TASK ITEM
Show every line below where "thesis" appears.

DATA
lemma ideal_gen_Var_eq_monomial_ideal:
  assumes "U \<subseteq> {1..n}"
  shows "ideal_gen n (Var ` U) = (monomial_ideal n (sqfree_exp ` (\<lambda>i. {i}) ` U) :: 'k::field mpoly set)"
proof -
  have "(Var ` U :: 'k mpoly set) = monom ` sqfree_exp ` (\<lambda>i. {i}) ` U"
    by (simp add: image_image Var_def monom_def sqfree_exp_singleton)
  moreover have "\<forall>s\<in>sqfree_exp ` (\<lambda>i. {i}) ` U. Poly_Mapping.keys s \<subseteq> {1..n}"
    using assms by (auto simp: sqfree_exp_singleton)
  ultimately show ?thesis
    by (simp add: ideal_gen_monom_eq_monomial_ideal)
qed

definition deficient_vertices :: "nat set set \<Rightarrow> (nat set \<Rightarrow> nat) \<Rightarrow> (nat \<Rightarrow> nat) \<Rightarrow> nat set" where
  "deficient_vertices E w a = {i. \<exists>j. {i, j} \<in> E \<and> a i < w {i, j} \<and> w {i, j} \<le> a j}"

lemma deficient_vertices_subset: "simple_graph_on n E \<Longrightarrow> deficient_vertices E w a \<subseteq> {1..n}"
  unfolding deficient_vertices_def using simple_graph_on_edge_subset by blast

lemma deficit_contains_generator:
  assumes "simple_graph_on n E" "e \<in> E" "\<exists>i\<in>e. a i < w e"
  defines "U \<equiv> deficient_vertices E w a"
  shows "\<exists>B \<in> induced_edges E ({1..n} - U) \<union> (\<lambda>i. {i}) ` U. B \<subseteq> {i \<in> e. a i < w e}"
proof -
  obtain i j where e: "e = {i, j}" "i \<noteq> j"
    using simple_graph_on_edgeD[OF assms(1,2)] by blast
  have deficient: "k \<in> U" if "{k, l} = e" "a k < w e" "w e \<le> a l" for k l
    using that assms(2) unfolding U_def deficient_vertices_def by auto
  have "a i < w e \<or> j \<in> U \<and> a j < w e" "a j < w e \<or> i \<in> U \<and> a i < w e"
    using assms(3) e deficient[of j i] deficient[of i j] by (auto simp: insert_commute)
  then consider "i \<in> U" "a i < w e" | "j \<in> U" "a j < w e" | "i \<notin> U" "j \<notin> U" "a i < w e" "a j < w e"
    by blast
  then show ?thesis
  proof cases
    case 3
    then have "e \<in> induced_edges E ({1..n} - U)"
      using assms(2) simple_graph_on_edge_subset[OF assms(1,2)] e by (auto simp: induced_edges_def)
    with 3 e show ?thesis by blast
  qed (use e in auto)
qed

OUTPUT OF THE EXERCISE
  ultimately show ?thesis
  then show ?thesis
    with 3 e show ?thesis by blast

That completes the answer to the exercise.